**Task**
Pull every "UNIV" line out of the data below.

___

lemma theta_hat_error_le:
  fixes R :: "nat \<Rightarrow> nat set \<times> int" and N :: nat and \<alpha> :: "nat set" and e :: real
  defines "S \<equiv> {i\<in>{..<N}. fst (R i) = \<alpha>}" and "q \<equiv> 2 * p_r e - 1"
  assumes "\<alpha> \<noteq> {}" "0 < N" "0 < T" "0 < q"
    and count: "real N / (2 * T) < real (card S)"
    and deviation: "\<bar>\<Sum>i\<in>S. (real_of_int (snd (R i)) - q * \<mu>) / 2\<bar> < a"
  shows "\<bar>theta_hat d e N R \<alpha> - 2 powr (- (real d / 2)) * \<mu>\<bar>
         \<le> 2 powr (- (real d / 2)) * (4 * a * T / (real N * q))"
proof -
  define c :: real where "c = 2 powr (- (real d / 2))"
  define X where "X = (\<Sum>i\<in>S. real_of_int (snd (R i)))"
  have "0 < c" unfolding c_def by simp
  have "0 < real N / (2 * T)" using assms by simp
  with count have "0 < real (card S)" by linarith
  then have "S \<noteq> {}" by auto
  have X_dev: "\<bar>X - q * \<mu> * real (card S)\<bar> < 2 * a"
    using deviation unfolding X_def by (simp add: sum_divide_distrib[symmetric] sum_subtractf mult_ac)
  have "theta_hat d e N R \<alpha> = c * (X / real (card S)) / q"
    unfolding theta_hat_def Let_def using assms(3) \<open>S \<noteq> {}\<close>
    unfolding S_def X_def c_def q_def by simp
  then have "theta_hat d e N R \<alpha> - c * \<mu> = c * ((X - q * \<mu> * real (card S)) / (real (card S) * q))"
    using \<open>0 < real (card S)\<close> \<open>0 < q\<close> by (simp add: field_simps)
  then have "\<bar>theta_hat d e N R \<alpha> - c * \<mu>\<bar> = c * (\<bar>X - q * \<mu> * real (card S)\<bar> / (real (card S) * q))"
    using \<open>0 < c\<close> \<open>0 < real (card S)\<close> \<open>0 < q\<close> by (simp add: abs_mult)
  also have "\<dots> \<le> c * (2 * a / (real N / (2 * T) * q))"
    using X_dev count \<open>0 < c\<close> \<open>0 < q\<close> \<open>0 < real N / (2 * T)\<close>
    by (intro mult_left_mono frac_le mult_right_mono mult_pos_pos) auto
  also have "\<dots> = c * (4 * a * T / (real N * q))"
    using \<open>0 < T\<close> by (simp add: field_simps)
  finally show ?thesis unfolding c_def .
qed

lemma sum_indicator_eq_card:
  "(\<Sum>i<(N::nat). if P i then 1 else 0 :: real) = real (card {i\<in>{..<N}. P i})"
  by (simp add: sum.inter_filter[symmetric])

lemma report_count_lower_tail:
  fixes d k N :: nat and e :: real and j :: "nat \<Rightarrow> nat set" and \<alpha> :: "nat set"
  defines "T \<equiv> real (num_coefs d k)"
  assumes "1 \<le> k" "k \<le> d" "\<alpha> \<in> coef_set d k"
  shows "measure_pmf.prob (inpht_reports d k e N j)
           {R. real (card {i\<in>{..<N}. fst (R i) = \<alpha>}) \<le> real N / (2 * T)}
         \<le> exp (- real N / (16 * T))"
proof -
  define hit :: "nat set \<times> int \<Rightarrow> real" where "hit x = (if fst x = \<alpha> then 1 else 0)" for x
  define ps where "ps i = inpht_user d k e (j i)" for i
  have T_eq: "T = real (card (coef_set d k))" unfolding T_def card_coef_set ..
  have "0 < T"
    unfolding T_eq using finite_coef_set coef_set_not_empty[OF assms(2,3)] by (simp add: card_gt_0_iff)
  have mean: "measure_pmf.expectation (ps i) hit = 1 / T" for i
    unfolding ps_def T_eq
    by (subst expectation_inpht_user_single[OF assms(2-4)]) (auto simp: hit_def)
  have second_moment: "measure_pmf.expectation (ps i) (\<lambda>x. (- hit x)\<^sup>2) \<le> 1 / T" for i
    unfolding ps_def T_eq
    by (subst expectation_inpht_user_single[OF assms(2-4)]) (auto simp: hit_def)
  have count: "(\<Sum>i<N. hit (R i)) = real (card {i\<in>{..<N}. fst (R i) = \<alpha>})" for R
    unfolding hit_def by (rule sum_indicator_eq_card)
  have "(\<Sum>i<N. - hit (R i) - measure_pmf.expectation (ps i) (\<lambda>x. - hit x))
        = real N / T - real (card {i\<in>{..<N}. fst (R i) = \<alpha>})" for R
    by (simp add: mean sum_subtractf count)
  moreover have "real N / T - real N / (2 * T) = real N / (2 * T)"
    using \<open>0 < T\<close> by (simp add: field_simps)
  ultimately have "{R. real (card {i\<in>{..<N}. fst (R i) = \<alpha>}) \<le> real N / (2 * T)}
        \<subseteq> {R. real N / (2 * T) \<le> (\<Sum>i<N. - hit (R i) - measure_pmf.expectation (ps i) (\<lambda>x. - hit x))}"
    by auto
  then have "measure_pmf.prob (inpht_reports d k e N j)
               {R. real (card {i\<in>{..<N}. fst (R i) = \<alpha>}) \<le> real N / (2 * T)}
             \<le> measure_pmf.prob (Pi_pmf {..<N} ({}, 0) ps)
               {R. real N / (2 * T) \<le> (\<Sum>i<N. - hit (R i) - measure_pmf.expectation (ps i) (\<lambda>x. - hit x))}"
    unfolding inpht_reports_def ps_def by (rule measure_pmf.finite_measure_mono) simp
  also have "\<dots> \<le> exp (- (1 / 4) * (real N / (2 * T)) + (1 / 4)\<^sup>2 * (real N * (1 / T)))"
    using second_moment unfolding ps_def
    by (intro prob_Pi_pmf_sum_deviation_ge finite_set_pmf_inpht_user assms(2,3)) (auto simp: hit_def)
  also have "\<dots> = exp (- real N / (16 * T))"
    using \<open>0 < T\<close> by (simp add: field_simps power2_eq_square)
  finally show ?thesis .
qed
lemma piT_left_mult_S:
  assumes x: "x \<in> M" "T x = x"
  shows "sweedler cop k (\<lambda>a b. T (act h (T (act (S a) (T (act b x)))))) =
         sweedler cop k (\<lambda>a b. T (act (h * S a) (T (act b x))))"
proof -
  have "sweedler cop k (\<lambda>a b. T (act h (T (act (S a) (T (act b x)))))) =
        T (act h (T (Tconj_twisted cop S act T k x)))"
    using x by (simp add: Tconj_twisted_def T_sweedler act_sweedler)
  also have "T (Tconj_twisted cop S act T k x) = Tconj_twisted cop S act T k x"
    using Tconj_twisted_c_condition[of x k] x by simp
  also have "T (act h (Tconj_twisted cop S act T k x)) =
             sweedler cop k (\<lambda>a b. T (act (h * S a) (T (act b x))))"
    using x by (simp add: Tconj_twisted_def T_sweedler act_sweedler act_mult)
  finally show ?thesis .
qed

lemma piT_right_mult:
  assumes x: "x \<in> M"
  shows "sweedler cop h (\<lambda>a b. T (act (S a) (T (act b (T (act k x)))))) =
         sweedler cop h (\<lambda>a b. T (act (S a) (T (act (b * k) x))))"
proof -
  have "sweedler cop h (\<lambda>a b. T (act (S a) (T (act b (T (act k x)))))) =
        T (Tconj_twisted cop S act T h (T (act k x)))"
    using x by (simp add: Tconj_twisted_def T_sweedler)
  also have "\<dots> = T (Tconj_twisted cop S act T h (act k x))"
    using Tconj_twisted_c_condition[of "act k x" h] x by simp
  also have "\<dots> = sweedler cop h (\<lambda>a b. T (act (S a) (T (act (b * k) x))))"
    using x by (simp add: Tconj_twisted_def T_sweedler act_mult)
  finally show ?thesis .
qed

lemma image_T_iff: "x \<in> T ` M \<longleftrightarrow> x \<in> M \<and> T x = x"
  by (auto intro: image_eqI[of x T x])
lemma sumfree_zero_sum_has_disjoint_zs:
  fixes T :: "C2_5 set"
  assumes sf: "sumfree T" and s: "sum id T = 0" and j: "j \<le> 3" and c: "card T \<ge> 3 * j + 8"
  shows "has_disjoint_zs (mset_set T) (Suc (Suc j))"
proof -
  consider "j = 0" | "j = 1" | "j = 2" | "j = 3" using j by linarith
  then show ?thesis
  proof cases
    case 1
    then show ?thesis using zero_sum_has_disjoint_zs_2[of "mset_set T"] s c
      by (simp add: zero_sum_mset_set_iff numeral_2_eq_2)
  next
    case 2
    obtain Q where Q: "Q \<subseteq> T" "card Q = 4" "sum id Q = 0"
      using exists_zero_sum_4_subset[of T] c 2 by auto
    have "sum id (T - Q) = 0" using sum.subset_diff[of Q T id] Q(1) s Q(3) by simp
    then have "has_disjoint_zs (mset_set (T - Q)) 2"
      using zero_sum_has_disjoint_zs_2[of "mset_set (T - Q)"] c 2 Q(1,2)
      by (simp add: zero_sum_mset_set_iff card_Diff_subset)
    moreover have "Q \<noteq> {}" using Q(2) by auto
    ultimately show ?thesis using has_disjoint_zs_mset_set_Suc[OF _ Q(1) _ Q(3)] 2
      by (simp add: numeral_2_eq_2)
  next
    case 3
    then obtain H where H: "subgroup_index2 H" "T \<subseteq> UNIV - H" using sumfree_in_coset[OF sf] c by auto
    then have "card T \<le> 16" using subgroup_index2_card_le_coset by blast
    then have "card T = 16" using coset_subset_sum_nonzero[OF H] s c 3 by force
    then show ?thesis using has_disjoint_zs_if_size[of 4 "mset_set T"] 3 by simp
  next
    case 4
    then obtain H where "subgroup_index2 H" "T \<subseteq> UNIV - H" using sumfree_in_coset[OF sf] c by auto
    then have "card T \<le> 16" using subgroup_index2_card_le_coset by blast
    then show ?thesis using c 4 by simp
  qed
qed
definition smooth_on :: "(pt \<Rightarrow> real) \<Rightarrow> pt set \<Rightarrow> bool" where
  "smooth_on f S \<longleftrightarrow> (\<forall>k. Ck_on k f S)"

definition subgrad_set :: "(pt \<Rightarrow> real) \<Rightarrow> pt set \<Rightarrow> pt \<Rightarrow> pt set" where
  "subgrad_set f K q = {y. \<forall>u\<in>K. f u - f q \<ge> inner y (u - q)}"

end

theory Submission
  imports Defs
begin

text \<open>For \<open>y \<in> \<real>\<^sup>2\<close> let \<open>\<psi>\<^sub>y = \<phi> - \<langle>y,\<cdot>\<rangle>\<close>; then \<open>y \<in> C\<^sub>q\<close> iff \<open>q\<close> minimises \<open>\<psi>\<^sub>y\<close> on the
  closed polygon, and by convexity \<open>y = \<nabla>\<phi>(u)\<close> for \<open>u \<in> U\<close> iff \<open>u\<close> minimises \<open>\<psi>\<^sub>y\<close>.
  If \<open>y\<close> lies in no \<open>C\<^sub>p\<^sub>i\<close>, a minimiser of \<open>\<psi>\<^sub>y\<close> is not a vertex; it cannot lie on an
  edge either, since \<open>\<psi>\<^sub>y\<close> is affine there and an endpoint would do at least as well; so it
  lies in \<open>U\<close>. Conversely, if \<open>u \<in> U\<close> and a vertex \<open>p\<^sub>i\<close> both minimise \<open>\<psi>\<^sub>y\<close>, so does every
  point of \<open>[u, p\<^sub>i]\<close>; then \<open>\<nabla>\<phi> \<equiv> y\<close> along this segment near \<open>u\<close> and \<open>D\<^sup>2\<phi>\<close> is
  singular there, contradicting \<open>det D\<^sup>2\<phi> = V > 0\<close>.\<close>

lemma linear_eq_inner_axis:
  fixes f :: "real^'n \<Rightarrow> real"
  assumes "linear f"
  shows "f h = (\<chi> i. f (axis i 1)) \<bullet> h"
proof -
  have "f h = f (\<Sum>i\<in>UNIV. h$i *s axis i 1)" by (simp add: basis_expansion)
  also have "\<dots> = (\<Sum>i\<in>UNIV. h$i * f (axis i 1))"
    using assms by (simp add: linear_sum linear_cmul scalar_mult_eq_scaleR)
  finally show ?thesis by (simp add: inner_vec_def mult.commute)
qed
(* Let $k$ be any field and let $f_1,\ldots,f_r$ be homogeneous polynomials (forms) in $k[x,y]$ of degrees $d_1\ge d_2\ge\cdots\ge d_r$ such that the ideal $(f_1,\ldots,f_r)$ is minimally generated by $f_1,\ldots,f_r$. Then, coefficientwise, $$\big(k[x,y]/(f_1,\ldots,f_r)\big)(z)\;\le\;\frac{1+z+\cdots+z^{d_r-1}-\big(z^{d_{r-1}}+z^{d_{r-2}}+\cdots+z^{d_1}\big)}{1-z}.$$
   Context: For a graded $k$-algebra $R=\bigoplus_{i\ge0}R_i$ with finite-dimensional graded pieces, its Hilbert series is $R(z)=\sum_{i\ge0}\dim_k R_i\,z^i$. Here $x,y$ have degree $1$. For power series $A(z)=\sum a_iz^i$, $B(z)=\sum b_iz^i$, $A\le B$ coefficientwise means $a_i\le b_i$ for all $i$. *)

theory Defs
  imports Main "HOL-Computational_Algebra.Polynomial" "HOL-Computational_Algebra.Formal_Power_Series"
begin

text \<open>k[x,y] is represented as 'a poly poly: the coefficient of x^a y^b in p is
  coeff (coeff p a) b (outer variable x, inner variable y).\<close>

definition homogeneous :: "'a::zero poly poly \<Rightarrow> nat \<Rightarrow> bool" where
  "homogeneous p d \<longleftrightarrow> (\<forall>a b. coeff (coeff p a) b \<noteq> 0 \<longrightarrow> a + b = d)"

definition gen_ideal :: "(nat \<Rightarrow> 'a::comm_ring_1) \<Rightarrow> nat set \<Rightarrow> 'a set" where
  "gen_ideal f A = {p. \<exists>g. p = (\<Sum>i\<in>A. g i * f i)}"

definition kscale :: "'a::field \<Rightarrow> 'a poly poly \<Rightarrow> 'a poly poly" where
  "kscale c p = smult [:c:] p"

text \<open>Dimension of the degree-i component of k[x,y]/I for a homogeneous ideal I:
  dim_k R_i - dim_k I_i, where dim_k R_i = i+1.\<close>
definition quot_hilb_fun :: "'a::field poly poly set \<Rightarrow> nat \<Rightarrow> nat" where
  "quot_hilb_fun I i = (i + 1) - vector_space.dim kscale {p \<in> I. homogeneous p i}"

definition quot_hilb_series :: "'a::field poly poly set \<Rightarrow> rat fps" where
  "quot_hilb_series I = Abs_fps (\<lambda>i. of_nat (quot_hilb_fun I i))"

end

theory Submission
  imports Defs
begin

text \<open>Let \<open>D = d\<^sub>r\<close> be the least degree. For \<open>n \<ge> D\<close> one builds an independent subset
  of the degree-\<open>n\<close> part \<open>I\<^sub>n\<close> of \<open>I = (f\<^sub>1,\<dots>,f\<^sub>r)\<close> with
  \<open>n - D + #{j. d\<^sub>j \<le> n}\<close> elements. In degree \<open>D\<close> take the generators of degree \<open>D\<close>. Going
  from \<open>n\<close> to \<open>n + 1\<close>, multiply the set by \<open>x\<close> and add \<open>y v\<close> for an element \<open>v\<close> of least
  \<open>x\<close>-order, which gains one dimension, then add the generators of degree \<open>n + 1\<close>: all previous
  elements lie in the ideal of the generators of lower degree, so by minimality each new
  generator is independent of them. Hence \<open>dim (R/I)\<^sub>n \<le> D - #{j \<le> r - 1. d\<^sub>j \<le> n}\<close>,
  which is the \<open>n\<close>-th coefficient of the right-hand side.\<close>

lemma kscale_vector_space: "vector_space (kscale :: 'a::field \<Rightarrow> 'a poly poly \<Rightarrow> 'a poly poly)"
  unfolding vector_space_def kscale_def
  by (auto simp: smult_add_right smult_add_left[symmetric] mult.commute one_pCons[symmetric])

interpretation kv: vector_space "kscale :: 'a::field \<Rightarrow> 'a poly poly \<Rightarrow> 'a poly poly"
  by (rule kscale_vector_space)

interpretation kv_pair: vector_space_pair
  "kscale :: 'a::field \<Rightarrow> 'a poly poly \<Rightarrow> 'a poly poly"
  "kscale :: 'a::field \<Rightarrow> 'a poly poly \<Rightarrow> 'a poly poly"
  by unfold_locales

abbreviation degree_part :: "'a::zero poly poly set \<Rightarrow> nat \<Rightarrow> 'a poly poly set" where
  "degree_part I n \<equiv> {p \<in> I. homogeneous p n}"

lemma poly_poly_eqI: "(\<And>a b. coeff (coeff p a) b = coeff (coeff q a) b) \<Longrightarrow> p = q"
  by (simp add: poly_eq_iff)

definition hom_part :: "nat \<Rightarrow> 'a::comm_ring_1 poly poly \<Rightarrow> 'a poly poly" where
  "hom_part k p = (\<Sum>a\<le>k. monom (monom (coeff (coeff p a) (k - a)) (k - a)) a)"

lemma coeff_hom_part:
  "coeff (coeff (hom_part k p) a) b = (if a + b = k then coeff (coeff p a) b else 0)"
  unfolding hom_part_def by (auto simp: coeff_sum coeff_monom)

lemma homogeneous_iff_hom_part: "homogeneous p k \<longleftrightarrow> hom_part k p = p"
  unfolding homogeneous_def by (auto simp: poly_eq_iff coeff_hom_part split: if_splits)

lemma homogeneous_hom_part: "homogeneous (hom_part k p) k"
  unfolding homogeneous_def by (simp add: coeff_hom_part)

lemma hom_part_sum: "hom_part k (\<Sum>i\<in>A. g i) = (\<Sum>i\<in>A. hom_part k (g i))"
  by (rule poly_poly_eqI) (simp add: coeff_hom_part coeff_sum)

lemma coeff_coeff_mult:
  "coeff (coeff (g * f) a) b =
     (\<Sum>i\<le>a. \<Sum>j\<le>b. coeff (coeff g i) j * coeff (coeff f (a - i)) (b - j))"
  by (simp add: coeff_mult coeff_sum)

lemma coeff_coeff_mult_homogeneous:
  assumes "homogeneous f d"
  shows "coeff (coeff (g * f) a) b =
     (\<Sum>i\<le>a. \<Sum>j\<le>b. if i + j + d = a + b
        then coeff (coeff g i) j * coeff (coeff f (a - i)) (b - j) else 0)"
  unfolding coeff_coeff_mult
proof (intro sum.cong refl)
  fix i j assume "i \<in> {..a}" "j \<in> {..b}"
  moreover have "(a - i) + (b - j) = d" if "coeff (coeff f (a - i)) (b - j) \<noteq> 0"
    using assms that unfolding homogeneous_def by blast
  ultimately show "coeff (coeff g i) j * coeff (coeff f (a - i)) (b - j) =
      (if i + j + d = a + b then coeff (coeff g i) j * coeff (coeff f (a - i)) (b - j) else 0)"
    by (cases "coeff (coeff f (a - i)) (b - j) = 0") auto
qed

___

**Finished exercise**
    then obtain H where H: "subgroup_index2 H" "T \<subseteq> UNIV - H" using sumfree_in_coset[OF sf] c by auto
    then obtain H where "subgroup_index2 H" "T \<subseteq> UNIV - H" using sumfree_in_coset[OF sf] c by auto
  have "f h = f (\<Sum>i\<in>UNIV. h$i *s axis i 1)" by (simp add: basis_expansion)
  also have "\<dots> = (\<Sum>i\<in>UNIV. h$i * f (axis i 1))"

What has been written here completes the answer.